Trump Prosecutor in Georgia Rebukes Critics in Speech to Black Church Group

With her prosecution of former President Donald J. Trump bottled up in a state appeals court fight, the Georgia district attorney who brought the case pushed back at her conservative critics on Thursday, appearing to single out recent remarks made about her by Mr. Trump’s co-defendant Rudolph W. Giuliani.

At a recent stop on the ReAwaken America tour, a right-wing Christian event, Mr. Giuliani referred to the district attorney, Fani T. Willis, who is Black, as a “ho,” using a stylized version of the word “whore” borrowed from the African American vernacular. He also said he chose to deliberately mispronounce Ms. Willis’s first name as “Fanny,” as opposed to the proper pronunciation, “FAHN-ee.”

Ms. Willis spoke on Thursday to leaders of the African Methodist Episcopal Church, who were meeting at a church in Marietta, Ga.

“I’ve lived the experience of a Black woman who is attacked and over-sexualized,” she said. “See, I’m so tired of hearing these idiots call my name as ‘Fanny,’ in a way to attempt to humiliate me. Because, like silly schoolboys, the name reminds them of a woman’s rear, of her behind.”

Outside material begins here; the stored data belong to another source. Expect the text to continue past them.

lemma cover_signed_angle:
  assumes "a \<noteq> b" "cover \<alpha> (dirs a {b}) \<subseteq> cover \<alpha> (dirs a N)" "\<bar>\<theta>\<bar> \<le> \<alpha>/2"
  shows "\<exists>w\<in>N. \<exists>m::int. \<bar>\<theta> - signed_angle a b w - 2*pi*m\<bar> \<le> \<alpha>/2"
proof -
  define A where "A = Arg (b - a)"
  define d where "d = cmod (b - a)"
  have "0 < d" using assms(1) by (simp add: d_def)
  have b: "b - a = complex_of_real d * cis A"
    using rcis_cmod_Arg[of "b - a"] by (simp add: rcis_def d_def A_def)
  have "\<bar>(\<theta> + A) - A - 2*pi*of_int (0::int)\<bar> \<le> \<alpha>/2" using assms(3) by simp
  moreover have "A \<in> dirs a {b}" unfolding dirs_def using \<open>0 < d\<close> b by blast
  ultimately have "\<theta> + A \<in> cover \<alpha> (dirs a N)" using assms(2) unfolding cover_def by blast
  then obtain \<phi> m where "\<phi> \<in> dirs a N" and m: "\<bar>\<theta> + A - \<phi> - 2*pi*of_int (m::int)\<bar> \<le> \<alpha>/2"
    unfolding cover_def by blast
  then obtain w t where w: "w \<in> N" "0 < t" "w - a = complex_of_real t * cis \<phi>"
    unfolding dirs_def by blast
  have "(w - a) / (b - a) = rcis (t/d) (\<phi> - A)"
    using w(3) b \<open>0 < d\<close> by (simp add: rcis_def cis_divide[symmetric])
  then obtain j :: int where j: "\<phi> - A = signed_angle a b w + 2*pi*j"
    using Arg_rcis_eq_mod_2pi[of "t/d" "\<phi> - A"] w(2) \<open>0 < d\<close> by (auto simp: signed_angle_def)
  have "\<theta> - signed_angle a b w - 2*pi*of_int (m + j) = \<theta> + A - \<phi> - 2*pi*of_int m"
    using j by (simp add: algebra_simps)
  with m w(1) show ?thesis by metis
qed

lemma N_shrink_subset_lune:
  assumes "1 \<le> k" "b \<in> S_i V r k a" "b \<notin> N_shrink V r k \<alpha> a"
    and "\<And>w. w \<in> N_shrink V r k \<alpha> a \<Longrightarrow> dist a b \<le> dist w b"
  shows "N_shrink V r k \<alpha> a \<subseteq> lune a b"
  using N_shrink_subset_V[OF assms(1), of V r \<alpha> a] dist_lt_if_notin_N_shrink[OF assms(1-3)] assms(4)
  by (auto simp: lune_def)
(* Let $s,t,q,N$ be integers with $0\le s<q$, $1\le t<q$, $N\ge0$, $t\nmid q$ and $\gcd(t,q)=1$. Write $q=\overline qt+\widehat q$ ($1\le\widehat q<t$), $s=\overline st+\widehat s$ ($0\le\widehat s<t$). Let $S^-(s,t,q,N)=\sum_{k=0}^N\lfloor(s-kt)/q\rfloor$, $M=-\lfloor(s-Nt)/q\rfloor$, $x_M=(s+(M-1)q)/t$ and $S=-\overline q\frac{(M-1)M}2-M(N-\lfloor x_M\rfloor)$. Let $H=\{k\in\mathbb N:(\widehat s+k\widehat q)\bmod t<\widehat q\}$, $J=H\cap\{0,\dots,t-1\}=\{j_0<\dots<j_{\widehat q-1}\}$, and $S_K=\sum_{k\in K}k$. Then: (a) if $j_0\ge M$, $S^-(s,t,q,N)=S$; (b.1) if $j_0<M\le j_{\widehat q-1}$, $S^-(s,t,q,N)=S-S_K$ with $K=H\cap\{0,\dots,M-1\}$; (b.2) if $j_{\widehat q-1}<M$ and $j_0+t\ge M$, $S^-(s,t,q,N)=S-S_J$; (b.3) if $j_{\widehat q-1}<M$ and $j_0+t<M$, with $u=\lfloor(M-1)/t\rfloor$ and $K=H\cap\{ut,\dots,M-1\}$, $S^-(s,t,q,N)=S-uS_J-\widehat q\,t\frac{(u-1)u}2-S_K$.
   Context: Here $r\bmod t$ denotes the representative of $r$ in $\{0,\dots,t-1\}$. *)

theory Defs
  imports Complex_Main
begin

definition Sminus :: "int \<Rightarrow> int \<Rightarrow> int \<Rightarrow> int \<Rightarrow> int" where
  "Sminus s t q N = (\<Sum>k\<in>{0..N}. (s - k * t) div q)"

definition Hset :: "int \<Rightarrow> int \<Rightarrow> int \<Rightarrow> nat set" where
  "Hset s t q = {k::nat. (s mod t + int k * (q mod t)) mod t < q mod t}"

definition Jset :: "int \<Rightarrow> int \<Rightarrow> int \<Rightarrow> nat set" where
  "Jset s t q = Hset s t q \<inter> {0..<nat t}"

end

theory Submission
  imports Defs
begin

(* Counting the lattice points under the line in the other direction turns S^-(s,t,q,N) into
   - sum_{i<M} (N - floor((s + i q)/t)).  Consecutive values floor((s + i q)/t) differ by qbar
   plus a carry, and the carry happens exactly at the indices i in H; summing by parts gives
   S^- = S - sum_{k in H, k < M} k.  Finally H is t-periodic with exactly qhat elements per period
   (q is a unit mod t), which evaluates this sum in each of the four ranges of M. *)

lemma Sminus_Suc:
  "Sminus s t q (int (Suc n)) = Sminus s t q (int n) + (s - int (Suc n) * t) div q"
proof -
  have "{0..int (Suc n)} = insert (int (Suc n)) {0..int n}" by auto
  then show ?thesis unfolding Sminus_def by simp
qed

Though Ms. Willis did not refer specifically to Mr. Giuliani, the former New York City mayor, she was introduced to the crowd by Bishop Reginald T. Jackson, the presiding prelate for the A.M.E. church in Georgia, who made it plain that Mr. Giuliani was on his mind. “You’ve got somebody who used to be referred to as America’s mayor,” Bishop Jackson said, “who’s now become America’s moron in chief.”

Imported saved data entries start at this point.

lemma ln_le_mult_ln_of_le_power:
  fixes p q k :: nat
  assumes "q \<le> p ^ k"
  shows "ln (real q) \<le> real k * ln (real p)"
proof (cases "q = 0")
  case True
  then show ?thesis
    using ln_of_nat_nonneg[of p] by simp
next
  case False
  then have "ln (real q) \<le> ln (real p ^ k)"
    using assms by (intro ln_mono) (simp_all flip: of_nat_power)
  then show ?thesis
    by (simp add: ln_realpow)
qed

lemma mult_ln_le_ln_of_power_le:
  fixes p q k :: nat
  assumes "p ^ k \<le> q"
  shows "real k * ln (real p) \<le> ln (real q)"
proof (cases "p ^ k = 0")
  case True
  then show ?thesis
    using ln_of_nat_nonneg[of q] by simp
next
  case False
  then have "ln (real p ^ k) \<le> ln (real q)"
    using assms by (intro ln_mono) (simp_all flip: of_nat_power)
  then show ?thesis
    by (simp add: ln_realpow)
qed

lemma limsup_ln_ratio_le_mult:
  fixes p q :: "nat \<Rightarrow> nat"
  assumes "\<And>n. q n \<le> p n ^ k"
  shows "limsup (\<lambda>n. ereal (ln (real (q n)) / real n))
           \<le> ereal (real k) * limsup (\<lambda>n. ereal (ln (real (p n)) / real n))"
proof -
  have "limsup (\<lambda>n. ereal (ln (real (q n)) / real n))
          \<le> limsup (\<lambda>n. ereal (real k) * ereal (ln (real (p n)) / real n))"
    using ln_le_mult_ln_of_le_power[OF assms]
    by (intro Limsup_mono always_eventually allI) (simp add: divide_right_mono)
  also have "\<dots> = ereal (real k) * limsup (\<lambda>n. ereal (ln (real (p n)) / real n))"
    by (rule Limsup_ereal_mult_left) simp_all
  finally show ?thesis .
qed

lemma mult_limsup_ln_ratio_le:
  fixes p q :: "nat \<Rightarrow> nat"
  assumes "\<And>n. p n ^ k \<le> q n"
  shows "ereal (real k) * limsup (\<lambda>n. ereal (ln (real (p n)) / real n))
           \<le> limsup (\<lambda>n. ereal (ln (real (q n)) / real n))"
proof -
  have "ereal (real k) * limsup (\<lambda>n. ereal (ln (real (p n)) / real n))
          = limsup (\<lambda>n. ereal (real k) * ereal (ln (real (p n)) / real n))"
    by (rule Limsup_ereal_mult_left[symmetric]) simp_all
  also have "\<dots> \<le> limsup (\<lambda>n. ereal (ln (real (q n)) / real n))"
    using mult_ln_le_ln_of_power_le[OF assms]
    by (intro Limsup_mono always_eventually allI) (simp add: divide_right_mono)
  finally show ?thesis .
qed

lemma seq_entropy_le_mult:
  assumes "\<And>W. W \<in> finite_open_covers T' \<Longrightarrow> \<exists>C \<in> finite_open_covers T.
             \<forall>n. orbit_cover_number T' g' a W n \<le> orbit_cover_number T g a C n ^ k"
  shows "seq_entropy T' g' a \<le> ereal (real k) * seq_entropy T g a"
  unfolding seq_entropy_orbit_cover_number
proof (rule SUP_least)
  fix W assume "W \<in> finite_open_covers T'"
  then obtain C where C: "C \<in> finite_open_covers T"
    "\<And>n. orbit_cover_number T' g' a W n \<le> orbit_cover_number T g a C n ^ k"
    using assms by blast
  have "limsup (\<lambda>n. ereal (ln (real (orbit_cover_number T' g' a W n)) / real n))
          \<le> ereal (real k) * limsup (\<lambda>n. ereal (ln (real (orbit_cover_number T g a C n)) / real n))"
    using C(2) by (rule limsup_ln_ratio_le_mult)
  also have "\<dots> \<le> ereal (real k) * (SUP C \<in> finite_open_covers T.
                   limsup (\<lambda>n. ereal (ln (real (orbit_cover_number T g a C n)) / real n)))"
    using C(1) by (intro ereal_mult_left_mono SUP_upper) simp_all
  finally show "limsup (\<lambda>n. ereal (ln (real (orbit_cover_number T' g' a W n)) / real n))
          \<le> ereal (real k) * (SUP C \<in> finite_open_covers T.
                   limsup (\<lambda>n. ereal (ln (real (orbit_cover_number T g a C n)) / real n)))" .
qed

lemma mult_seq_entropy_le:
  assumes "\<And>C. C \<in> finite_open_covers T \<Longrightarrow> \<exists>W \<in> finite_open_covers T'.
             \<forall>n. orbit_cover_number T g a C n ^ k \<le> orbit_cover_number T' g' a W n"
  shows "ereal (real k) * seq_entropy T g a \<le> seq_entropy T' g' a"
proof -
  let ?h = "\<lambda>T g C. limsup (\<lambda>n. ereal (ln (real (orbit_cover_number T g a C n)) / real n))"
  have "{topspace T} \<in> finite_open_covers T"
    by (simp add: finite_open_covers_def)
  moreover have "0 \<le> ?h T g C" for C
    by (rule le_Limsup) (simp_all add: ln_of_nat_nonneg)
  ultimately have "ereal (real k) * seq_entropy T g a
                     = (SUP C \<in> finite_open_covers T. ereal (real k) * ?h T g C)"
    unfolding seq_entropy_orbit_cover_number by (subst SUP_ereal_mult_left) auto
  also have "\<dots> \<le> seq_entropy T' g' a"
    unfolding seq_entropy_orbit_cover_number
  proof (rule SUP_least)
    fix C assume "C \<in> finite_open_covers T"
    then obtain W where W: "W \<in> finite_open_covers T'"
      "\<And>n. orbit_cover_number T g a C n ^ k \<le> orbit_cover_number T' g' a W n"
      using assms by blast
    have "ereal (real k) * ?h T g C \<le> ?h T' g' W"
      using W(2) by (rule mult_limsup_ln_ratio_le)
    also have "\<dots> \<le> (SUP W \<in> finite_open_covers T'. ?h T' g' W)"
      using W(1) by (rule SUP_upper)
    finally show "ereal (real k) * ?h T g C \<le> (SUP W \<in> finite_open_covers T'. ?h T' g' W)" .
  qed
  finally show ?thesis .
qed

The volley of insults came at a moment of frustration among many Democrats about the fact that Ms. Willis’s case against Mr. Trump would not reach the trial phase until after the November election. Mr. Trump, Mr. Giuliani and 17 others were indicted in August by a grand jury in Fulton County over their efforts to overturn Mr. Trump’s 2020 election loss. Four of the defendants later pleaded guilty.

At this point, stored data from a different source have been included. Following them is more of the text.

(* There exists a constant $C=C(\underline h,\overline h,\underline w,\overline w)>0$ such that for every grid size $N\in\mathbb{N}$ there exists a ReLU FNO $\mathcal{N}^{\mathrm{FNO}}$ with constant (in $x$) output function, $k_{\max}=0$, $d_v\le C$, depth $\le C$, size $\le C$, such that for every input $\bar u=h\,1_{[-w/2,w/2]}(\cdot-\xi)$ with $h\in[\underline h,\overline h]$, $w\in[\underline w,\overline w]$, $\xi\in[0,2\pi]$, \[ \big|\mathcal{N}^{\mathrm{FNO}}(\bar u)(x)-w\big|\le\frac CN\quad\text{for all }x\in\mathbb{T}. \]
   Context: $\mathbb{T}=\mathbb{R}/2\pi\mathbb{Z}$; $0<\underline h<\overline h$, $0<\underline w<\overline w<2\pi$; $1_{[-w/2,w/2]}$ is periodized. FNO with grid size $N$: $x_j=2\pi j/N$, $\mathcal{F}_Nv(k)=\frac1N\sum_{j=1}^Nv(x_j)e^{-ikx_j}$; an FNO with lifting dimension $d_v$, cut-off $k_{\max}$, depth $L$, ReLU $\sigma$ is $Q\circ\mathcal{L}_L\circ\dots\circ\mathcal{L}_1\circ R$, $(R\bar u)(x)=R(\bar u(x),x)$ ($R$ a shallow ReLU network into $\mathbb{R}^{d_v}$), $(\mathcal{L}_\ell v)(x)=\sigma(W_\ell v(x)+b_\ell(x)+\sum_{|k|\le k_{\max}}P_\ell(k)\mathcal{F}_Nv(k)e^{ikx})$ with $W_\ell\in\mathbb{R}^{d_v\times d_v}$, $P_\ell(k)\in\mathbb{C}^{d_v\times d_v}$, real bias $b_\ell(x)=\sum_{|k|\le k_{\max}}\hat b_\ell(k)e^{ikx}$, $Q$ linear pointwise. Depth $=L$; size = number of tunable parameters. *)

theory Defs
  imports Complex_Main
begin

definition relu :: "real \<Rightarrow> real" where
  "relu t = max 0 t"

text \<open>Vectors in R^d are functions nat => real (only indices < d matter),
  matrices are functions nat => nat => real.
  Lifting R(u,x) = B relu(A (u,x) + a) + c is a shallow ReLU network with hidden width
  fno_width; A is width x 2, a has width entries, B is d_v x width, c has d_v entries.
  Each layer is (W, P, bhat): W is d_v x d_v real, P k is d_v x d_v complex,
  bhat k is the k-th Fourier coefficient (a complex vector) of the bias.\<close>
record fno =
  fno_dv :: nat
  fno_kmax :: nat
  fno_width :: nat
  fno_A :: "nat \<Rightarrow> nat \<Rightarrow> real"
  fno_a :: "nat \<Rightarrow> real"
  fno_B :: "nat \<Rightarrow> nat \<Rightarrow> real"
  fno_c :: "nat \<Rightarrow> real"
  fno_layers :: "((nat \<Rightarrow> nat \<Rightarrow> real) \<times> (int \<Rightarrow> nat \<Rightarrow> nat \<Rightarrow> complex) \<times> (int \<Rightarrow> nat \<Rightarrow> complex)) list"
  fno_Q :: "nat \<Rightarrow> real"

definition grid_pt :: "nat \<Rightarrow> nat \<Rightarrow> real" where
  "grid_pt N j = 2 * pi * real j / real N"

definition dft :: "nat \<Rightarrow> (real \<Rightarrow> real) \<Rightarrow> int \<Rightarrow> complex" where
  "dft N v k = (1 / of_nat N) *
     (\<Sum>j = 1..N. complex_of_real (v (grid_pt N j)) * exp (- \<i> * of_int k * complex_of_real (grid_pt N j)))"

definition fno_lift :: "fno \<Rightarrow> (real \<Rightarrow> real) \<Rightarrow> real \<Rightarrow> nat \<Rightarrow> real" where
  "fno_lift F u x i =
     (\<Sum>j<fno_width F. fno_B F i j * relu (fno_A F j 0 * u x + fno_A F j 1 * x + fno_a F j)) + fno_c F i"

definition fno_layer ::
  "nat \<Rightarrow> nat \<Rightarrow> nat \<Rightarrow> ((nat \<Rightarrow> nat \<Rightarrow> real) \<times> (int \<Rightarrow> nat \<Rightarrow> nat \<Rightarrow> complex) \<times> (int \<Rightarrow> nat \<Rightarrow> complex))
     \<Rightarrow> (real \<Rightarrow> nat \<Rightarrow> real) \<Rightarrow> real \<Rightarrow> nat \<Rightarrow> real" where
  "fno_layer dv kmax N l v x i =
     (case l of (W, P, bh) \<Rightarrow>
       relu ((\<Sum>j<dv. W i j * v x j) +
             Re (\<Sum>k\<in>{- int kmax..int kmax}.
                   (bh k i + (\<Sum>j<dv. P k i j * dft N (\<lambda>y. v y j) k))
                   * exp (\<i> * of_int k * complex_of_real x))))"

definition fno_eval :: "fno \<Rightarrow> nat \<Rightarrow> (real \<Rightarrow> real) \<Rightarrow> real \<Rightarrow> real" where
  "fno_eval F N u x =
     (let v = foldl (\<lambda>v l. fno_layer (fno_dv F) (fno_kmax F) N l v) (fno_lift F u) (fno_layers F)
      in \<Sum>i<fno_dv F. fno_Q F i * v x i)"

definition fno_depth :: "fno \<Rightarrow> nat" where
  "fno_depth F = length (fno_layers F)"

text \<open>Size = number of tunable (real) parameters; complex parameters count twice.\<close>
definition fno_size :: "fno \<Rightarrow> nat" where
  "fno_size F =
     (let m = fno_width F; d = fno_dv F; K = 2 * fno_kmax F + 1 in
      2 * m + m + d * m + d
      + fno_depth F * (d * d + 2 * K * d * d + 2 * K * d)
      + d)"

definition per_ind :: "real \<Rightarrow> real \<Rightarrow> real" where
  "per_ind w t = (if \<exists>k::int. \<bar>t - 2 * pi * of_int k\<bar> \<le> w / 2 then 1 else 0)"

end

theory Submission imports Defs begin

text \<open>A ReLU pair in the lifting clips \<open>u/hl\<close> to \<open>[0, 1]\<close>, which turns a pulse of height
  \<open>h \<ge> hl\<close> into its bare indicator. The zeroth Fourier mode of a single layer then outputs
  \<open>2\<pi>/N\<close> times the number of grid points covered by the pulse, a Riemann sum for its width
  \<open>w\<close>. Those grid points correspond to the integers in an interval of length \<open>Nw/(2\<pi>) < N\<close>,
  whose number is \<open>Nw/(2\<pi>)\<close> up to an error of one; hence the output is within \<open>2\<pi>/N\<close> of \<open>w\<close>.\<close>

lemma card_Icc_ceiling_floor_approx:
  fixes a b :: real
  assumes "a \<le> b"
  shows "\<bar>real (card {\<lceil>a\<rceil>..\<lfloor>b\<rfloor>}) - (b - a)\<bar> \<le> 1"
proof -
  have "\<lfloor>b\<rfloor> - \<lceil>a\<rceil> + 1 \<ge> 0"
    using assms floor_correct[of b] ceiling_correct[of a] by linarith
  then have "real (card {\<lceil>a\<rceil>..\<lfloor>b\<rfloor>}) = of_int (\<lfloor>b\<rfloor> - \<lceil>a\<rceil> + 1)"
    by simp
  then show ?thesis
    using floor_correct[of b] ceiling_correct[of a] by linarith
qed

text \<open>The bijection is \<open>n \<mapsto> (n - 1) mod N + 1\<close>; it is injective because the interval is shorter than \<open>N\<close>.\<close>

lemma card_periodic_hits_eq_card_Icc:
  fixes a b :: real and N :: nat
  assumes N: "N \<ge> 1" and short: "b - a < real N"
  shows "card {j \<in> {1..N}. \<exists>k::int. a \<le> of_int (int j - k * int N) \<and> of_int (int j - k * int N) \<le> b}
         = card {\<lceil>a\<rceil>..\<lfloor>b\<rfloor>}"
    (is "card ?T = card ?S")
proof -
  define f where "f n = nat ((n - 1) mod int N + 1)" for n :: int
  have mem_S: "n \<in> ?S \<longleftrightarrow> a \<le> of_int n \<and> of_int n \<le> b" for n
    by (simp add: ceiling_le_iff le_floor_iff)
  have "inj_on f ?S"
  proof
    fix n n' assume n: "n \<in> ?S" and n': "n' \<in> ?S" and "f n = f n'"
    then have "(n - 1) mod int N = (n' - 1) mod int N"
      using N by (simp add: f_def nat_eq_iff2)
    then have "int N dvd (n - 1) - (n' - 1)"
      by (simp only: mod_eq_dvd_iff)
    then have "int N dvd n - n'" by simp
    then obtain c where c: "n - n' = int N * c" by (auto simp: dvd_def)
    have "\<bar>real N * of_int c\<bar> < real N"
      using n n' short arg_cong[OF c, of real_of_int] unfolding mem_S by auto
    then have "c = 0"
      using N by (simp add: abs_mult)
    then show "n = n'" using c by simp
  qed
  moreover have "f ` ?S = ?T"
  proof
    show "f ` ?S \<subseteq> ?T"
    proof
      fix j assume "j \<in> f ` ?S"
      then obtain n where n: "n \<in> ?S" and j: "j = f n" by auto
      define q where "q = (n - 1) div int N"
      have r: "0 \<le> (n - 1) mod int N" "(n - 1) mod int N < int N"
        using N by simp_all
      then have jn: "int j = n - q * int N"
        unfolding j f_def q_def by (simp add: minus_div_mult_eq_mod[symmetric])
      have "j \<in> {1..N}"
        using r unfolding j f_def by auto
      moreover have "int j - (- q) * int N \<in> ?S"
        using n jn by simp
      ultimately show "j \<in> ?T"
        unfolding mem_S by blast
    qed
    show "?T \<subseteq> f ` ?S"
    proof
      fix j assume "j \<in> ?T"
      then obtain k where j: "j \<in> {1..N}" and "int j - k * int N \<in> ?S"
        unfolding mem_S by blast
      moreover have "f (int j - k * int N) = j"
      proof -
        have "int j - k * int N - 1 = (int j - 1) + (- k) * int N" by simp
        then have "(int j - k * int N - 1) mod int N = (int j - 1) mod int N"
          by (simp only: mod_mult_self1)
        also have "\<dots> = int j - 1"
          using j by (simp add: mod_pos_pos_trivial)
        finally show ?thesis
          using j by (simp add: f_def)
      qed
      ultimately show "j \<in> f ` ?S" by force
    qed
  qed
  ultimately show ?thesis
    using card_image by fastforce
qed

lemma grid_pt_near_iff:
  assumes "N \<ge> 1"
  shows "\<bar>grid_pt N j - \<xi> - 2 * pi * of_int k\<bar> \<le> w / 2 \<longleftrightarrow>
         real N * (\<xi> - w / 2) / (2 * pi) \<le> of_int (int j - k * int N) \<and>
         of_int (int j - k * int N) \<le> real N * (\<xi> + w / 2) / (2 * pi)"
proof -
  let ?t = "2 * pi / real N * of_int (int j - k * int N)"
  have "grid_pt N j - \<xi> - 2 * pi * of_int k = ?t - \<xi>"
    using assms by (simp add: grid_pt_def field_simps)
  then have "\<bar>grid_pt N j - \<xi> - 2 * pi * of_int k\<bar> \<le> w / 2 \<longleftrightarrow> \<xi> - w / 2 \<le> ?t \<and> ?t \<le> \<xi> + w / 2"
    by (simp only: abs_le_iff) linarith
  also have "\<dots> \<longleftrightarrow> real N * (\<xi> - w / 2) / (2 * pi) \<le> of_int (int j - k * int N) \<and>
         of_int (int j - k * int N) \<le> real N * (\<xi> + w / 2) / (2 * pi)"
    using assms pi_gt_zero by (simp add: field_simps)
  finally show ?thesis .
qed

lemma sum_per_ind_grid_eq_card:
  "(\<Sum>j = 1..N. per_ind w (grid_pt N j - \<xi>)) =
   real (card {j \<in> {1..N}. \<exists>k::int. \<bar>grid_pt N j - \<xi> - 2 * pi * of_int k\<bar> \<le> w / 2})"
  unfolding per_ind_def by (simp add: sum.If_cases Int_def)

theorem grid_mean_per_ind_approx:
  assumes N: "N \<ge> 1" and w: "0 \<le> w" "w < 2 * pi"
  shows "\<bar>2 * pi / real N * (\<Sum>j = 1..N. per_ind w (grid_pt N j - \<xi>)) - w\<bar> \<le> 2 * pi / real N"
proof -
  define a where "a = real N * (\<xi> - w / 2) / (2 * pi)"
  define b where "b = real N * (\<xi> + w / 2) / (2 * pi)"
  have ba: "b - a = real N * w / (2 * pi)"
    by (simp add: a_def b_def field_simps)
  have "0 \<le> b - a" "b - a < real N"
    unfolding ba using N w pi_gt_zero by (simp_all add: field_simps)
  have "(\<Sum>j = 1..N. per_ind w (grid_pt N j - \<xi>)) = real (card {\<lceil>a\<rceil>..\<lfloor>b\<rfloor>})"
    unfolding sum_per_ind_grid_eq_card grid_pt_near_iff[OF N] a_def[symmetric] b_def[symmetric]
    using card_periodic_hits_eq_card_Icc[OF N \<open>b - a < real N\<close>] by simp
  moreover have "\<bar>real (card {\<lceil>a\<rceil>..\<lfloor>b\<rfloor>}) - real N * w / (2 * pi)\<bar> \<le> 1"
    using card_Icc_ceiling_floor_approx[of a b] \<open>0 \<le> b - a\<close> ba by simp
  ultimately show ?thesis
    using N pi_gt_zero by (simp add: field_simps abs_mult[symmetric] abs_le_iff)
qed

definition pulse_width_fno :: "real \<Rightarrow> fno" where
  "pulse_width_fno hl = \<lparr>fno_dv = 1, fno_kmax = 0, fno_width = 2,
     fno_A = (\<lambda>j i. if i = 0 then 1 / hl else 0),
     fno_a = (\<lambda>j. if j = 0 then 0 else -1),
     fno_B = (\<lambda>i j. if j = 0 then 1 else -1),
     fno_c = (\<lambda>_. 0),
     fno_layers = [(\<lambda>_ _. 0, \<lambda>_ _ _. complex_of_real (2 * pi), \<lambda>_ _. 0)],
     fno_Q = (\<lambda>_. 1)\<rparr>"

lemma dft_zero: "dft N v 0 = complex_of_real (1 / real N * (\<Sum>j = 1..N. v (grid_pt N j)))"
  by (simp add: dft_def)

lemma fno_eval_pulse_width_fno:
  "fno_eval (pulse_width_fno hl) N u x =
   relu (2 * pi * (1 / real N * (\<Sum>j = 1..N. fno_lift (pulse_width_fno hl) u (grid_pt N j) 0)))"
  by (simp add: fno_eval_def fno_layer_def pulse_width_fno_def dft_zero del: of_real_mult)

lemma fno_lift_pulse_width_fno:
  assumes "0 < hl" "hl \<le> h" "q y \<in> {0, 1}"
  shows "fno_lift (pulse_width_fno hl) (\<lambda>t. h * q t) y 0 = q y"
  using assms
  by (auto simp: fno_lift_def pulse_width_fno_def relu_def numeral_2_eq_2 lessThan_Suc field_simps)

lemma pulse_width_fno_dimensions:
  "fno_kmax (pulse_width_fno hl) = 0" "fno_dv (pulse_width_fno hl) = 1"
  "fno_depth (pulse_width_fno hl) = 1" "fno_size (pulse_width_fno hl) = 15"
  by (simp_all add: fno_size_def fno_depth_def pulse_width_fno_def)

lemma fno_eval_pulse_width_fno_per_ind:
  assumes "0 < hl" "hl \<le> h"
  shows "fno_eval (pulse_width_fno hl) N (\<lambda>t. h * per_ind w (t - \<xi>)) x =
         2 * pi / real N * (\<Sum>j = 1..N. per_ind w (grid_pt N j - \<xi>))"
proof -
  have "fno_lift (pulse_width_fno hl) (\<lambda>t. h * per_ind w (t - \<xi>)) y 0 = per_ind w (y - \<xi>)" for y
    using fno_lift_pulse_width_fno[of hl h "\<lambda>t. per_ind w (t - \<xi>)"] assms
    by (simp add: per_ind_def)
  moreover have "0 \<le> (\<Sum>j = 1..N. per_ind w (grid_pt N j - \<xi>))"
    by (simp add: sum_nonneg per_ind_def)
  ultimately show ?thesis
    by (simp add: fno_eval_pulse_width_fno relu_def)
qed

theorem mainTheorem12:
  fixes hl hu wl wu :: real
  assumes "0 < hl" "hl < hu" "0 < wl" "wl < wu" "wu < 2 * pi"
  shows "\<exists>C::real. C > 0 \<and>
    (\<forall>N::nat. N \<ge> 1 \<longrightarrow>
      (\<exists>F::fno. fno_kmax F = 0 \<and> real (fno_dv F) \<le> C \<and> real (fno_depth F) \<le> C
         \<and> real (fno_size F) \<le> C
         \<and> (\<forall>u x y. fno_eval F N u x = fno_eval F N u y)
         \<and> (\<forall>h w \<xi>. hl \<le> h \<and> h \<le> hu \<and> wl \<le> w \<and> w \<le> wu \<and> 0 \<le> \<xi> \<and> \<xi> \<le> 2 * pi \<longrightarrow>
              (\<forall>x. \<bar>fno_eval F N (\<lambda>t. h * per_ind w (t - \<xi>)) x - w\<bar> \<le> C / real N))))"
proof (intro exI[of _ 16] conjI allI impI exI[of _ "pulse_width_fno hl"])
  fix N :: nat and h w \<xi> x :: real
  assume N: "N \<ge> 1" and H: "hl \<le> h \<and> h \<le> hu \<and> wl \<le> w \<and> w \<le> wu \<and> 0 \<le> \<xi> \<and> \<xi> \<le> 2 * pi"
  have "\<bar>fno_eval (pulse_width_fno hl) N (\<lambda>t. h * per_ind w (t - \<xi>)) x - w\<bar> \<le> 2 * pi / real N"
    using fno_eval_pulse_width_fno_per_ind[of hl h] grid_mean_per_ind_approx[OF N, of w] H assms
    by simp
  also have "\<dots> \<le> 16 / real N"
    using N pi_less_4 by (simp add: divide_right_mono)
  finally show "\<bar>fno_eval (pulse_width_fno hl) N (\<lambda>t. h * per_ind w (t - \<xi>)) x - w\<bar> \<le> 16 / real N" .
qed (simp_all add: fno_eval_pulse_width_fno pulse_width_fno_dimensions)

end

The case hit serious turbulence this year, when defense lawyers accused Ms. Willis of creating a conflict of interest by engaging in a romantic relationship with Nathan J. Wade, a lawyer she hired to manage the prosecution team. Defense lawyers sought to have Ms. Willis disqualified, but the judge in the case, Scott McAfee, ruled that she could stay on it if Mr. Wade stepped down, which he did.

The judge’s ruling is now being appealed, and this month the state appellate court made it clear that the case would not be resolved until after the presidential election. It also ordered the case stayed at the lower court level for the nine defendants who appealed the disqualification ruling, which include Mr. Trump and Mr. Giuliani.

This week, Judge McAfee, of Fulton County Superior Court, indicated that he would continue working through motions filed by the remaining defendants. On Wednesday, Ms. Willis’s office asked the appellate court to dismiss the defendants’ appeal for lack of evidence.

If Mr. Trump wins the election, his lawyers are likely to raise constitutional challenges to any effort to put him on trial in Georgia while he is in the White House. Legal experts say that the arguments could succeed.

Ms. Willis, a Democrat, is running for a second term as district attorney of Fulton County, which covers much of the city of Atlanta. It is a liberal stronghold, and Ms. Willis is considered a strong favorite against Courtney A. Kramer — a Republican who has worked in the Trump White House and with the Trump campaign — in the November contest.

Mr. Wade was in the audience for Ms. Willis’s speech. On Wednesday, he appeared in a CNN interview with Kaitlan Collins, in which she asked him when his romance with Ms. Willis had begun. That question has been a focus of the disqualification fight; Ashleigh Merchant, a lawyer for one of the defendants, has claimed that the relationship began before Ms. Willis hired Mr. Wade.

But Mr. Wade and Ms. Willis have said that it began after she hired him in November 2021. Both have also said that the relationship ended last summer.

In the CNN interview, Mr. Wade began answering Ms. Collins’s question but was interrupted by a man identified as his consultant. The two men huddled for a moment and spoke privately, after which Mr. Wade returned to the interview and said the timing question was a “not a relevant issue.”